lemma wt_integral_lag_deriv_poly:
  "L (lag_deriv_poly \<alpha> Q) = - (\<Sum>k=1..m. \<omega> k * t k * w0 \<alpha> (t k) * poly Q (t k))"
  using set_integral_lag_deriv_poly[OF _ alpha_gt] t_nonneg
  by (simp add: wt_integral_eq_w0_integrals sum_negf mult.assoc)

end

locale positive_jump_weight =
  fixes \<alpha> :: real and m :: nat and \<omega> t :: "nat \<Rightarrow> real"
  assumes alpha_gt: "\<alpha> > -1"
    and t1_pos: "0 < t 1"
    and t_less_Suc: "\<And>k. 1 \<le> k \<Longrightarrow> k < m \<Longrightarrow> t k < t (Suc k)"
    and partial_sum_nonneg: "\<And>l. l \<le> m \<Longrightarrow> (\<Sum>k=0..l. \<omega> k) \<ge> 0"
    and partial_sum_pos: "\<exists>l\<le>m. (\<Sum>k=0..l. \<omega> k) > 0"
begin

lemma t_mono: "1 \<le> i \<Longrightarrow> i \<le> j \<Longrightarrow> j \<le> m \<Longrightarrow> t i \<le> t j"
proof (induction j)
  case (Suc j)
  then show ?case
    using t_less_Suc[of j] by (cases "i = Suc j") auto
qed simp

lemma t_pos: "k \<in> {1..m} \<Longrightarrow> t k > 0"
  using t_mono[of 1 k] t1_pos by auto

sublocale jump_weight
proof
  show "\<alpha> > -1"
    by (rule alpha_gt)
  show "0 \<le> t k" if "k \<in> {1..m}" for k
    using t_pos[OF that] by simp
qed

lemma wt_eq_w0_partial_sum_at: "\<exists>l\<le>m. wt \<alpha> m \<omega> t x = w0 \<alpha> x * (\<Sum>k=0..l. \<omega> k)"
proof -
  define S where "S = {k\<in>{0..m}. k = 0 \<or> t k \<le> x}"
  define l where "l = Max S"
  have S: "finite S" "0 \<in> S"
    by (auto simp: S_def)
  then have "l \<in> S"
    unfolding l_def using Max_in by blast
  then have "l \<le> m"
    by (simp add: S_def)
  moreover have "t k \<le> x" if "1 \<le> k" "k \<le> l" for k
    using that \<open>l \<in> S\<close> \<open>l \<le> m\<close> t_mono[of k l] by (auto simp: S_def)
  moreover have "x < t k" if "l < k" "k \<le> m" for k
  proof (rule ccontr)
    assume "\<not> x < t k"
    then have "k \<in> S"
      using that by (auto simp: S_def)
    then show False
      using that Max_ge[OF S(1)] by (fastforce simp: l_def)
  qed
  ultimately show ?thesis
    using wt_eq_w0_partial_sum by blast
qed

lemma wt_nonneg: "wt \<alpha> m \<omega> t x \<ge> 0"
  using wt_eq_w0_partial_sum_at[of x] partial_sum_nonneg by (auto simp: w0_def)

lemma wt_pos_on_interval:
  obtains a b where "0 \<le> a" "a < b" "\<And>x. a < x \<Longrightarrow> x < b \<Longrightarrow> wt \<alpha> m \<omega> t x > 0"
proof -
  obtain l where l: "l \<le> m" "(\<Sum>k=0..l. \<omega> k) > 0"
    using partial_sum_pos by blast
  define a where "a = (if l = 0 then 0 else t l)"
  define b where "b = (if l = m then a + 1 else t (Suc l))"
  have "0 \<le> a"
    unfolding a_def using t_pos[of l] l by auto
  moreover have "a < b"
    unfolding a_def b_def using t1_pos t_less_Suc[of l] l by auto
  moreover have "wt \<alpha> m \<omega> t x > 0" if x: "a < x" "x < b" for x
  proof -
    have "t k \<le> x" if "1 \<le> k" "k \<le> l" for k
      using that x t_mono[of k l] l by (auto simp: a_def)
    moreover have "x < t k" if "l < k" "k \<le> m" for k
      using that x t_mono[of "Suc l" k] by (auto simp: b_def)
    ultimately have "wt \<alpha> m \<omega> t x = w0 \<alpha> x * (\<Sum>k=0..l. \<omega> k)"
      using wt_eq_w0_partial_sum l by blast
    moreover have "w0 \<alpha> x > 0"
      using x \<open>0 \<le> a\<close> by (simp add: w0_def)
    ultimately show ?thesis
      using l by simp
  qed
  ultimately show ?thesis
    using that by blast
qed

lemma wt_integral_square_pos:
  assumes "Q \<noteq> 0"
  shows "L (Q * Q) > 0"
proof -
  obtain a b where ab: "0 \<le> a" "a < b" and wt_pos: "\<And>x. a < x \<Longrightarrow> x < b \<Longrightarrow> wt \<alpha> m \<omega> t x > 0"
    using wt_pos_on_interval by blast
  define f where "f x = indicator {0..} x * (poly (Q * Q) x * wt \<alpha> m \<omega> t x)" for x
  have f_int: "integrable lborel f"
    using set_integrable_poly_wt[of "Q * Q"] unfolding f_def set_integrable_def by simp
  have f_nonneg: "f x \<ge> 0" for x
    unfolding f_def using wt_nonneg[of x] by (simp add: indicator_def)
  have L_eq: "L (Q * Q) = integral\<^sup>L lborel f"
    unfolding wt_integral_def set_lebesgue_integral_def f_def by simp
  have "L (Q * Q) \<noteq> 0"
  proof
    assume "L (Q * Q) = 0"
    then have "AE x in lborel. f x = 0"
      using integral_nonneg_eq_0_iff_AE[OF f_int] f_nonneg L_eq by simp
    moreover have "AE x in lborel. x \<notin> {x. poly Q x = 0}"
      by (rule AE_not_in[OF finite_imp_null_set_lborel]) (rule poly_roots_finite[OF assms])
    ultimately have "AE x in lborel. x \<notin> {a<..<b}"
    proof eventually_elim
      case (elim x)
      show ?case
      proof
        assume x: "x \<in> {a<..<b}"
        have "poly Q x * poly Q x > 0"
          using elim(2) by (metis mem_Collect_eq not_real_square_gt_zero)
        then have "f x > 0"
          using x wt_pos[of x] ab unfolding f_def by (simp add: indicator_def)
        then show False
          using elim(1) by simp
      qed
    qed
    then have "emeasure lborel {a<..<b} = 0"
      by (subst (asm) AE_iff_measurable[of "{a<..<b}"]) auto
    then show False
      using ab by simp
  qed
  moreover have "L (Q * Q) \<ge> 0"
    unfolding L_eq using f_nonneg by simp
  ultimately show ?thesis
    by simp
qed

end

lemma degree_le_if_coeff_Suc_eq_0:
  assumes "degree p \<le> Suc k" "coeff p (Suc k) = 0"
  shows "degree p \<le> k"
  using assms by (metis le_SucE leading_coeff_0_iff degree_0 zero_le)

lemma coeff_pCons_0_pderiv: "coeff (pCons 0 (pderiv p)) j = of_nat j * coeff p j"
  by (cases j) (auto simp: coeff_pderiv)

lemma degree_pCons_0_pderiv: "degree (pCons 0 (pderiv (p :: 'a::{idom, ring_char_0} poly))) \<le> degree p"
proof (cases "pderiv p = 0")
  case False
  then have "degree p \<ge> 1"
    by (metis less_one not_le pderiv_eq_0_iff)
  then show ?thesis
    using False by (simp add: degree_pderiv)
qed simp

locale jump_weight_OPS = positive_jump_weight +
  fixes P :: "nat \<Rightarrow> real poly"
  assumes monic_OPS: "monic_OPS \<alpha> m \<omega> t P"
begin

abbreviation h :: "nat \<Rightarrow> real" where
  "h \<equiv> hn \<alpha> m \<omega> t P"

lemma degree_P: "degree (P n) = n"
  using monic_OPS unfolding monic_OPS_def by auto

lemma coeff_P_self: "coeff (P n) n = 1"
  using monic_OPS unfolding monic_OPS_def by metis

lemma wt_integral_P_mult_monom: "j < n \<Longrightarrow> L (P n * monom c j) = 0"
  using monic_OPS unfolding monic_OPS_def wt_integral_def
  by (simp add: poly_monom mult_ac)

lemma wt_integral_P_mult_eq_0:
  assumes "degree Q < n"
  shows "L (P n * Q) = 0"
proof -
  have "Q = (\<Sum>i\<le>n-1. monom (coeff Q i) i)"
    using assms by (intro poly_as_sum_of_monoms'[symmetric]) auto
  then have "L (P n * Q) = (\<Sum>i\<le>n-1. L (P n * monom (coeff Q i) i))"
    by (metis wt_integral_sum sum_distrib_left)
  also have "\<dots> = 0"
    using assms by (intro sum.neutral) (auto intro!: wt_integral_P_mult_monom)
  finally show ?thesis .
qed

lemma h_eq_wt_integral: "h j = L (P j * P j)"
  unfolding hn_def wt_integral_def by (simp add: power2_eq_square)

lemma wt_integral_P_mult:
  assumes "degree Q \<le> j"
  shows "L (P j * Q) = coeff Q j * h j"
proof -
  define D where "D = Q - smult (coeff Q j) (P j)"
  have "degree D \<le> j"
    unfolding D_def using assms degree_P[of j]
    by (intro degree_diff_le) (auto intro: order_trans[OF degree_smult_le])
  moreover have "coeff D j = 0"
    unfolding D_def by (simp add: coeff_P_self)
  ultimately have "degree D < j \<or> D = 0"
    by (metis le_neq_implies_less leading_coeff_0_iff)
  then have "L (P j * D) = 0"
    by (auto simp: wt_integral_P_mult_eq_0 wt_integral_0)
  moreover have "P j * Q = smult (coeff Q j) (P j * P j) + P j * D"
    unfolding D_def by (simp add: algebra_simps)
  ultimately show ?thesis
    by (simp add: wt_integral_add wt_integral_smult h_eq_wt_integral)
qed

lemma h_pos: "h j > 0"
proof -
  have "P j \<noteq> 0"
    using coeff_P_self[of j] by auto
  then show ?thesis
    using wt_integral_square_pos h_eq_wt_integral by simp
qed

lemma subleading_coeff_h_plus_h_Suc:
  "coeff (P (Suc k)) k * h k + h (Suc k) =
     (\<Sum>i=1..m. \<omega> i * t i * w0 \<alpha> (t i) * poly (P (Suc k) * P k) (t i))"
proof -
  define n where "n = Suc k"
  define D where "D = pCons 0 (pderiv (P n)) - smult (of_nat n) (P n)"
  have "degree D \<le> k"
  proof (rule degree_le_if_coeff_Suc_eq_0)
    show "degree D \<le> Suc k"
      unfolding D_def n_def using degree_pCons_0_pderiv[of "P (Suc k)"] degree_P[of "Suc k"]
      by (intro degree_diff_le) (auto intro: order_trans[OF degree_smult_le])
    show "coeff D (Suc k) = 0"
      unfolding D_def n_def by (simp add: coeff_pderiv coeff_P_self)
  qed
  moreover have "coeff D k = - coeff (P n) k"
    unfolding D_def n_def by (simp add: coeff_pCons_0_pderiv algebra_simps)
  moreover have orth: "L (P n * P k) = 0"
    unfolding n_def by (simp add: wt_integral_P_mult_eq_0 degree_P)
  moreover have "P k * pCons 0 (pderiv (P n)) = smult (of_nat n) (P n * P k) + P k * D"
    unfolding D_def by (simp add: algebra_simps)
  ultimately have deriv_term: "L (P k * pCons 0 (pderiv (P n))) = - coeff (P n) k * h k"
    using wt_integral_P_mult by (simp add: wt_integral_add wt_integral_smult)
  have "L (P n * pCons 0 (pderiv (P k))) = 0"
    by (rule wt_integral_P_mult_eq_0)
       (use degree_pCons_0_pderiv[of "P k"] in \<open>simp add: degree_P n_def\<close>)
  moreover have "L (P n * pCons 0 (P k)) = h n"
    using wt_integral_P_mult[of "pCons 0 (P k)" n]
    by (simp add: n_def degree_P degree_pCons_eq_if coeff_P_self)
  ultimately have "L (lag_deriv_poly \<alpha> (P n * P k)) = - coeff (P n) k * h k - h n"
    unfolding lag_deriv_poly_mult wt_integral_diff wt_integral_add wt_integral_smult deriv_term orth
    by simp
  then show ?thesis
    using wt_integral_lag_deriv_poly[of "P n * P k"] by (simp add: n_def sum_negf)
qed

text \<open>The coefficient \<open>p(j)\<close> of \<open>x^(j-1)\<close> in \<open>P\<^sub>j\<close>, written with \<open>pCons\<close> so that it is \<open>0\<close>
  for \<open>j = 0\<close> rather than the leading coefficient at the truncated index \<open>0 - 1\<close>.\<close>
definition subcoeff :: "nat \<Rightarrow> real" where
  "subcoeff j = coeff (pCons 0 (P j)) j"

lemma subcoeff_diff_mult_h:
  "(2 * real j + \<alpha> + 1 - (subcoeff j - subcoeff (Suc j))) * h j =
     - (\<Sum>i=1..m. \<omega> i * t i * w0 \<alpha> (t i) * (poly (P j) (t i))\<^sup>2)"
proof -
  define D where "D = pCons 0 (P j) - P (Suc j)"
  have "degree D \<le> j"
  proof (rule degree_le_if_coeff_Suc_eq_0)
    show "degree D \<le> Suc j"
      unfolding D_def using degree_P[of j] degree_P[of "Suc j"]
      by (intro degree_diff_le) (auto intro: order_trans[OF degree_pCons_le])
    show "coeff D (Suc j) = 0"
      unfolding D_def by (simp add: coeff_P_self)
  qed
  moreover have "coeff D j = subcoeff j - subcoeff (Suc j)"
    unfolding D_def subcoeff_def by simp
  moreover have "L (P j * P (Suc j)) = 0"
    using wt_integral_P_mult_eq_0[of "P j" "Suc j"] by (simp add: degree_P mult.commute)
  moreover have "P j * pCons 0 (P j) = P j * D + P j * P (Suc j)"
    unfolding D_def by (simp add: algebra_simps)
  ultimately have shift_term: "L (P j * pCons 0 (P j)) = (subcoeff j - subcoeff (Suc j)) * h j"
    using wt_integral_P_mult by (simp add: wt_integral_add)
  have deriv_term: "L (P j * pCons 0 (pderiv (P j))) = real j * h j"
    using wt_integral_P_mult[OF degree_pCons_0_pderiv[of "P j", unfolded degree_P]]
    by (simp add: coeff_pCons_0_pderiv coeff_P_self)
  have "L (lag_deriv_poly \<alpha> (P j * P j)) =
          (2 * real j + \<alpha> + 1 - (subcoeff j - subcoeff (Suc j))) * h j"
    unfolding lag_deriv_poly_mult wt_integral_diff wt_integral_add wt_integral_smult
      shift_term deriv_term h_eq_wt_integral[symmetric]
    by (simp add: algebra_simps)
  then show ?thesis
    using wt_integral_lag_deriv_poly[of "P j * P j"] by (simp add: power2_eq_square)
qed

lemma subcoeff_Suc:
  "subcoeff (Suc j) = subcoeff j - (2 * real j + \<alpha> + 1) - (\<Sum>i=1..m. t i * Rnk \<alpha> m \<omega> t P j i)"
proof -
  have "(\<Sum>i=1..m. \<omega> i * t i * w0 \<alpha> (t i) * (poly (P j) (t i))\<^sup>2) =
          (\<Sum>i=1..m. t i * Rnk \<alpha> m \<omega> t P j i) * h j"
    using h_pos[of j] unfolding sum_distrib_right Rnk_def by (intro sum.cong refl) simp
  then have "(2 * real j + \<alpha> + 1 - (subcoeff j - subcoeff (Suc j))) * h j =
               - (\<Sum>i=1..m. t i * Rnk \<alpha> m \<omega> t P j i) * h j"
    using subcoeff_diff_mult_h[of j] by simp
  then have "2 * real j + \<alpha> + 1 - (subcoeff j - subcoeff (Suc j)) =
               - (\<Sum>i=1..m. t i * Rnk \<alpha> m \<omega> t P j i)"
    using h_pos[of j] by (metis mult_minus_left mult_right_cancel order_less_irrefl)
  then show ?thesis
    by simp
qed

lemma subcoeff_eq:
  "subcoeff n = - (\<Sum>j<n. \<Sum>i=1..m. t i * Rnk \<alpha> m \<omega> t P j i) - real n * (real n + \<alpha>)"
proof (induction n)
  case 0
  then show ?case
    by (simp add: subcoeff_def)
next
  case (Suc n)
  then show ?case
    by (simp add: subcoeff_Suc algebra_simps)
qed

lemma subleading_coeff_eq_rnk_sum:
  assumes "n \<ge> 1"
  shows "coeff (P n) (n - 1) = (\<Sum>k=1..m. t k * rnk \<alpha> m \<omega> t P n k) - betan \<alpha> m \<omega> t P n"
proof -
  obtain j where n: "n = Suc j"
    using assms by (cases n) auto
  have "(\<Sum>i=1..m. t i * rnk \<alpha> m \<omega> t P n i) =
          (\<Sum>i=1..m. \<omega> i * t i * w0 \<alpha> (t i) * poly (P n * P j) (t i)) / h j"
    unfolding sum_divide_distrib rnk_def n by (intro sum.cong refl) (simp add: field_simps)
  also have "\<dots> = coeff (P n) j + h n / h j"
    using subleading_coeff_h_plus_h_Suc[of j] h_pos[of j] n by (simp add: field_simps)
  finally show ?thesis
    unfolding betan_def n by simp
qed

> **TASK TO CARRY OUT**
Only one part of the material above is to be transcribed, namely the lines starting with the line that has "using coeff_P_self[of j] by auto" and going on through the line that has "define n where", exactly as they stand.

> **SOLUTION**
    using coeff_P_self[of j] by auto
  then show ?thesis
    using wt_integral_square_pos h_eq_wt_integral by simp
qed

lemma subleading_coeff_h_plus_h_Suc:
  "coeff (P (Suc k)) k * h k + h (Suc k) =
     (\<Sum>i=1..m. \<omega> i * t i * w0 \<alpha> (t i) * poly (P (Suc k) * P k) (t i))"
proof -
  define n where "n = Suc k"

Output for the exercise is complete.